State policymakers are confronting well-documented intersecting crises – medical, economic, and racial – with especially dire implications for educational equity. State education leaders face a moral urgency to both understand and respond to the challenges students are experiencing and to do so in ways that address burgeoning equity gaps. Education assessment can play a crucial role in identifying these learning and related challenges, allowing policy leaders to direct resources to where the needs are the greatest. It will be incredibly challenging, however, to collect, interpret, and use high-quality state standardized test data this school year. This brief recognizes this conundrum and offers recommendations for state leaders regarding assessment in 2020-2021 including:

  1. Separate assessment from accountability. There are serious threats to producing valid data to support accountability decisions this year. Changes to accountability systems will require a waiver to state ESSA plans and possibly change in state law or regulation.
  2. Plan now! State standardized tests operate on a long planning and quality-control-cycle, therefore, the time to act is now. Planning must begin almost immediately. Waiting until January or February will be too late to adapt testing systems to best understand and act on opportunity gaps and learning progress. Plans should also account for various contingencies, particularly due to remote and hybrid schooling, and allow for adjustment as conditions change.

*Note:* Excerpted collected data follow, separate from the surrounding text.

lemma card_range_systematic_word:
  "card (range (systematic_word n h) :: (nat \<Rightarrow> 'a::{finite,field}) set) = CARD('a) ^ (n - 1)"
proof -
  have "range (systematic_word n h) = systematic_word n h ` vecs (n - 1)"
  proof
    show "range (systematic_word n h) \<subseteq> systematic_word n h ` vecs (n - 1)"
    proof
      fix x
      assume "x \<in> range (systematic_word n h)"
      then obtain a where "x = systematic_word n h a"
        by blast
      then have "x = systematic_word n h (\<lambda>i. if i < n - 1 then a i else 0)"
        by (rule trans[OF _ systematic_word_restrict])
      moreover have "(\<lambda>i. if i < n - 1 then a i else 0) \<in> vecs (n - 1)"
        by (simp add: vecs_def)
      ultimately show "x \<in> systematic_word n h ` vecs (n - 1)"
        by (rule image_eqI)
    qed
  qed blast
  moreover have "inj_on (systematic_word n h) (vecs (n - 1))"
  proof
    fix a b
    assume a: "a \<in> vecs (n - 1)" and b: "b \<in> vecs (n - 1)"
      and eq: "systematic_word n h a = systematic_word n h b"
    show "a = b"
    proof
      fix j
      show "a j = b j"
      proof (cases "j < n - 1")
        case True
        then show ?thesis
          using fun_cong[OF eq, of j] by (simp add: systematic_word_def)
      next
        case False
        then show ?thesis
          using a b by (simp add: vecs_def)
      qed
    qed
  qed
  ultimately show ?thesis
    by (simp add: card_image card_vecs)
qed
(* Let $X$ be a log-normal random variable with parameters $\mu\in\mathbb{R}$ and $\sigma^2>0$, i.e. with density $f(x)=\frac{1}{x\sqrt{2\pi\sigma^2}}\exp\left\{-\frac{(\log x-\mu)^2}{2\sigma^2}\right\}$ on $(0,\infty)$. Then $X$ is truly mode positively skewed.
   Context: For $p\ge 1$ and a continuous random variable $X$ with $E[|X|^{p-1}]<\infty$, the $p$-mean $\nu_p$ is the unique real solution $\nu$ of $E[(X-\nu)_+^{p-1}]=E[(\nu-X)_+^{p-1}]$; its domain is $\mathcal{D}=\{p\ge1:E[|X|^{p-1}]<\infty\}$. For a unimodal distribution, $\nu_0$ denotes the mode and $\mathcal{D}_0=\mathcal{D}\cup\{0\}$. A unimodal distribution is truly mode positively skewed if $p\mapsto\nu_p$ is increasing on $\mathcal{D}_0$. *)

theory Defs
  imports "HOL-Probability.Probability"
begin

definition lognormal_density :: "real \<Rightarrow> real \<Rightarrow> real \<Rightarrow> real" where
  "lognormal_density mu sigma2 x =
     (if x > 0 then exp (- ((ln x - mu)\<^sup>2) / (2 * sigma2)) / (x * sqrt (2 * pi * sigma2)) else 0)"

text \<open>Positive part raised to a power: (t)_+^a, with (t)_+^0 read as the indicator of t > 0.\<close>
definition pos_pow :: "real \<Rightarrow> real \<Rightarrow> real" where
  "pos_pow t a = (if t > 0 then t powr a else 0)"

definition pmean_domain :: "real measure \<Rightarrow> real set" where
  "pmean_domain N = {p. p \<ge> 1 \<and> integrable N (\<lambda>x. \<bar>x\<bar> powr (p - 1))}"
lemma in_poly_ring_psubst:
  assumes "in_poly_ring K W p" "poly_endo_on K W \<theta>"
  shows "in_poly_ring K W (psubst \<theta> p)"
proof -
  obtain q where q: "pconsts q \<subseteq> K" "pvars q \<subseteq> W" "poly_eq p q"
    using assms(1) by (auto simp: in_poly_ring_def)
  define \<theta>' where
    "\<theta>' = (\<lambda>v. SOME r. pconsts r \<subseteq> K \<and> pvars r \<subseteq> W \<and> poly_eq (\<theta> v) r)"
  have \<theta>': "pconsts (\<theta>' v) \<subseteq> K \<and> pvars (\<theta>' v) \<subseteq> W \<and> poly_eq (\<theta> v) (\<theta>' v)"
    if "v \<in> W" for v
  proof -
    have "\<exists>r. pconsts r \<subseteq> K \<and> pvars r \<subseteq> W \<and> poly_eq (\<theta> v) r"
      using assms(2) that unfolding poly_endo_on_def in_poly_ring_def by blast
    then show ?thesis
      unfolding \<theta>'_def by (rule someI_ex)
  qed
  have "peval \<sigma> (psubst \<theta> p) = peval \<sigma> (psubst \<theta>' q)" for \<sigma>
  proof -
    have "peval \<sigma> (psubst \<theta> p) = peval (subst_val \<theta> \<sigma>) q"
      using q(3) by (simp add: peval_psubst poly_eq_def)
    also have "\<dots> = peval (subst_val \<theta>' \<sigma>) q"
    proof (rule peval_cong)
      fix v
      assume "v \<in> pvars q"
      then show "subst_val \<theta> \<sigma> v = subst_val \<theta>' \<sigma> v"
        using q(2) \<theta>' unfolding subst_val_def poly_eq_def by blast
    qed
    finally show ?thesis
      by (simp add: peval_psubst)
  qed
  moreover have "pconsts (psubst \<theta>' q) \<subseteq> K" "pvars (psubst \<theta>' q) \<subseteq> W"
    unfolding pconsts_psubst pvars_psubst using q(1,2) \<theta>' by blast+
  ultimately show ?thesis
    unfolding in_poly_ring_def poly_eq_def by blast
qed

  3. Collect Opportunity-to-Learn (OTL) information. States must design a system for collecting data to document and understand students’ access to the resources, tools, and experiences they need to learn for two main reasons:
    1. State summative assessments do not provide information necessary for policymakers to understand students’ learning context. Indicators such as whether students have access to devices and broadband, the type (e.g., synchronous/asynchronous) and amount of instruction available, and the level at which students are engaged are essential for shining a light on inequitable opportunities and directing additional resources where they are most urgently needed.

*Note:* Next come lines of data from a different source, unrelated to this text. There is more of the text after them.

(* For all $r,i\in\mathbb{Z}$, $\beta\in\Bbbk^*$ and $m\ge0$, the $(m+1)\times(m+1)$ matrix $\mathcal{A}_\beta^{r,i}(m)$ with entries $(\mathcal{A}_\beta^{r,i}(m))_{k,l}=c_\beta^{r,i}(k,l)$ for $0\le l\le k\le m$ and $0$ otherwise is a comatrix over $H$, i.e. $\Delta(c_{kl})=\sum_{p=0}^mc_{kp}\otimes c_{pl}$ and $\varepsilon(c_{kl})=\delta_{k,l}$ for all $0\le k,l\le m$, where $c_{kl}$ denotes the $(k,l)$ entry.
   Context: $\Bbbk$ is an algebraically closed field of characteristic $0$; $n,w$ positive integers, $\gamma$ a primitive $n$-th root of unity. $H=B(n,w,\gamma)$ is the Hopf algebra generated by $x^{\pm1},g,y$ with relations $xx^{-1}=x^{-1}x=1$, $xg=gx$, $xy=yx$, $yg=\gamma gy$, $y^n=1-x^w=1-g^n$, with $\Delta(x)=x\otimes x$, $\Delta(g)=g\otimes g$, $\Delta(y)=y\otimes g+1\otimes y$, $\varepsilon(x)=\varepsilon(g)=1$, $\varepsilon(y)=0$, $S(x)=x^{-1}$, $S(g)=g^{-1}$, $S(y)=-yg^{-1}$. The elements $c_\beta^{r,i}(k,l)\in H$ ($0\le l\le k$) are defined by $c_\beta^{r,i}(0,0)=x^rg^i$ and, for $k\ge0$: $c_\beta^{r,i}(k+1,0)=c_\beta^{r,i}(k,0)S(y)+\beta yc_\beta^{r,i}(k,0)S(g)$; for $0<l<k+1$, $c_\beta^{r,i}(k+1,l)=c_\beta^{r,i}(k,l)S(y)+\beta\gamma^{-l}yc_\beta^{r,i}(k,l)S(g)+c_\beta^{r,i}(k,l-1)S(g)$; $c_\beta^{r,i}(k+1,k+1)=c_\beta^{r,i}(k,k)S(g)$. *)

theory Defs
  imports "HOL-Library.Poly_Mapping" "HOL-Computational_Algebra.Polynomial"
begin
(* Let $n\geq1$ and let $a_1,\ldots,a_n$ be positive real numbers. Let $A\subset\mathbb{R}^n$ be the ray emanating from $0$ and passing through $(a_1,\ldots,a_n)$. Then there exists an infinite sequence of points $x_1,x_2,\ldots$ in $\mathbb{Z}^n$ such that $x_1$ is a standard coordinate vector, $x_{i+1}-x_i$ is a standard coordinate vector for every $i$, and each $x_i$ is within Euclidean distance $\sqrt{2n}$ of $A$.
   Context: A standard coordinate vector is one of the standard basis vectors $e_1,\ldots,e_n$ of $\mathbb{R}^n$. *)

theory Defs
  imports "HOL-Analysis.Analysis"
begin

definition std_coord_vec :: "real^'n \<Rightarrow> bool" where
  "std_coord_vec v \<longleftrightarrow> (\<exists>i. v = axis i 1)"

definition ray_from_origin :: "real^'n \<Rightarrow> (real^'n) set" where
  "ray_from_origin a = {t *\<^sub>R a | t. t \<ge> 0}"

definition integer_point :: "real^'n \<Rightarrow> bool" where
  "integer_point x \<longleftrightarrow> (\<forall>i. x $ i \<in> \<int>)"

end

theory Submission
  imports Defs
begin

text \<open>Walk greedily from the origin, always raising the coordinate j that minimises
(x_j + 1) / a_j. This keeps every ratio x_i / a_i at most every (x_j + 1) / a_j, so with
t = max_i x_i / a_i each coordinate satisfies 0 \<le> t a_i - x_i \<le> 1; hence the point is
within distance sqrt n of t a, which lies on the ray. Dropping the initial origin gives
a walk starting at a standard coordinate vector.\<close>

definition balanced :: "real^'n \<Rightarrow> real^'n \<Rightarrow> bool" where
  "balanced a x \<longleftrightarrow> (\<forall>i. 0 \<le> x $ i) \<and> (\<forall>i j. x $ i / a $ i \<le> (x $ j + 1) / a $ j)"

definition greedy_coord :: "real^'n \<Rightarrow> real^'n \<Rightarrow> 'n" where
  "greedy_coord a x = arg_min_on (\<lambda>j. (x $ j + 1) / a $ j) UNIV"

primrec greedy_walk :: "real^'n \<Rightarrow> nat \<Rightarrow> real^'n" where
  "greedy_walk a 0 = 0"
| "greedy_walk a (Suc k) = greedy_walk a k + axis (greedy_coord a (greedy_walk a k)) 1"

lemma greedy_coord_least:
  fixes a x :: "real^'n"
  shows "(x $ greedy_coord a x + 1) / a $ greedy_coord a x \<le> (x $ j + 1) / a $ j"
  unfolding greedy_coord_def by (rule arg_min_least) auto

lemma balanced_zero:
  fixes a :: "real^'n"
  assumes "\<forall>i. a $ i > 0"
  shows "balanced a 0"
  using assms by (simp add: balanced_def less_imp_le)

lemma balanced_greedy_step:
  fixes a x :: "real^'n"
  assumes pos: "\<forall>i. a $ i > 0" and bal: "balanced a x"
  shows "balanced a (x + axis (greedy_coord a x) 1)"
proof -
  let ?g = "greedy_coord a x"
  let ?y = "x + axis ?g 1"
  have "?y $ i / a $ i \<le> (?y $ j + 1) / a $ j" for i j
  proof -
    have "?y $ i / a $ i \<le> (x $ j + 1) / a $ j"
    proof (cases "i = ?g")
      case True
      then show ?thesis using greedy_coord_least[of x a j] by (simp add: axis_def)
    next
      case False
      then show ?thesis using bal by (simp add: balanced_def axis_def)
    qed
    also have "\<dots> \<le> (?y $ j + 1) / a $ j"
      using pos by (intro divide_right_mono) (auto simp: axis_def less_imp_le)
    finally show ?thesis .
  qed
  moreover have "\<forall>i. 0 \<le> ?y $ i"
    using bal by (simp add: balanced_def axis_def)
  ultimately show ?thesis unfolding balanced_def by blast
qed

lemma balanced_greedy_walk:
  fixes a :: "real^'n"
  assumes "\<forall>i. a $ i > 0"
  shows "balanced a (greedy_walk a k)"
  by (induction k) (simp_all add: balanced_zero balanced_greedy_step assms)

lemma integer_point_greedy_walk: "integer_point (greedy_walk a k)"
  by (induction k) (auto simp: integer_point_def axis_def)

lemma infdist_ray_le_if_balanced:
  fixes a x :: "real^'n"
  assumes pos: "\<forall>i. a $ i > 0" and bal: "balanced a x"
  shows "infdist x (ray_from_origin a) \<le> sqrt (real CARD('n))"
proof -
  let ?ratio = "\<lambda>i. x $ i / a $ i"
  define t where "t = Max (range ?ratio)"
  have "t \<in> range ?ratio"
    unfolding t_def by (rule Max_in) auto
  then obtain i0 where i0: "t = ?ratio i0" by blast
  have "0 \<le> t"
    using bal pos i0 by (simp add: balanced_def less_imp_le)
  then have on_ray: "t *\<^sub>R a \<in> ray_from_origin a"
    unfolding ray_from_origin_def by blast
  have close: "\<bar>x $ j - t * a $ j\<bar> \<le> 1" for j
  proof -
    have aj: "a $ j > 0" using pos by blast
    have "?ratio j \<le> t" unfolding t_def by (auto intro: Max_ge)
    then have "x $ j \<le> t * a $ j" using aj by (simp add: divide_le_eq)
    moreover have "t \<le> (x $ j + 1) / a $ j" using bal i0 by (simp add: balanced_def)
    then have "t * a $ j \<le> x $ j + 1" using aj by (simp add: le_divide_eq)
    ultimately show ?thesis by linarith
  qed
  have "infdist x (ray_from_origin a) \<le> dist x (t *\<^sub>R a)"
    by (rule infdist_le[OF on_ray])
  also have "\<dots> = sqrt (\<Sum>j\<in>UNIV. (x $ j - t * a $ j)\<^sup>2)"
    unfolding dist_norm norm_vec_def L2_set_def by simp
  also have "\<dots> \<le> sqrt (\<Sum>j\<in>(UNIV::'n set). 1)"
    using close by (intro real_sqrt_le_mono sum_mono) (simp add: abs_square_le_1)
  finally show ?thesis by simp
qed

theorem proposition2p8:
  fixes a :: "real^'n"
  assumes "\<forall>i. a $ i > 0"
  shows "\<exists>x :: nat \<Rightarrow> real^'n.
           (\<forall>k. integer_point (x k)) \<and>
           std_coord_vec (x 0) \<and>
           (\<forall>k. std_coord_vec (x (Suc k) - x k)) \<and>
           (\<forall>k. infdist (x k) (ray_from_origin a) \<le> sqrt (2 * real CARD('n)))"
proof (intro exI conjI allI)
  let ?x = "\<lambda>k. greedy_walk a (Suc k)"
  show "integer_point (?x k)" for k
    by (rule integer_point_greedy_walk)
  show "std_coord_vec (?x 0)"
    unfolding std_coord_vec_def by auto
  show "std_coord_vec (?x (Suc k) - ?x k)" for k
    unfolding std_coord_vec_def by (metis add_diff_cancel_left' greedy_walk.simps(2))
  have "infdist (?x k) (ray_from_origin a) \<le> sqrt (real CARD('n))" for k
    using infdist_ray_le_if_balanced[OF assms balanced_greedy_walk[OF assms]] .
  then show "infdist (?x k) (ray_from_origin a) \<le> sqrt (2 * real CARD('n))" for k
    by (rule order_trans) simp
qed

end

    2. State summative assessment results cannot be interpreted this year without a better understanding of the circumstances and opportunities facing students. Did a student or group of students get a question wrong because they did not know the concepts tested, were not taught the concepts as part of planned instruction, or did not have the technology to perform their best on the test? Without OTL data this year, it will not be possible to accurately interpret test score data.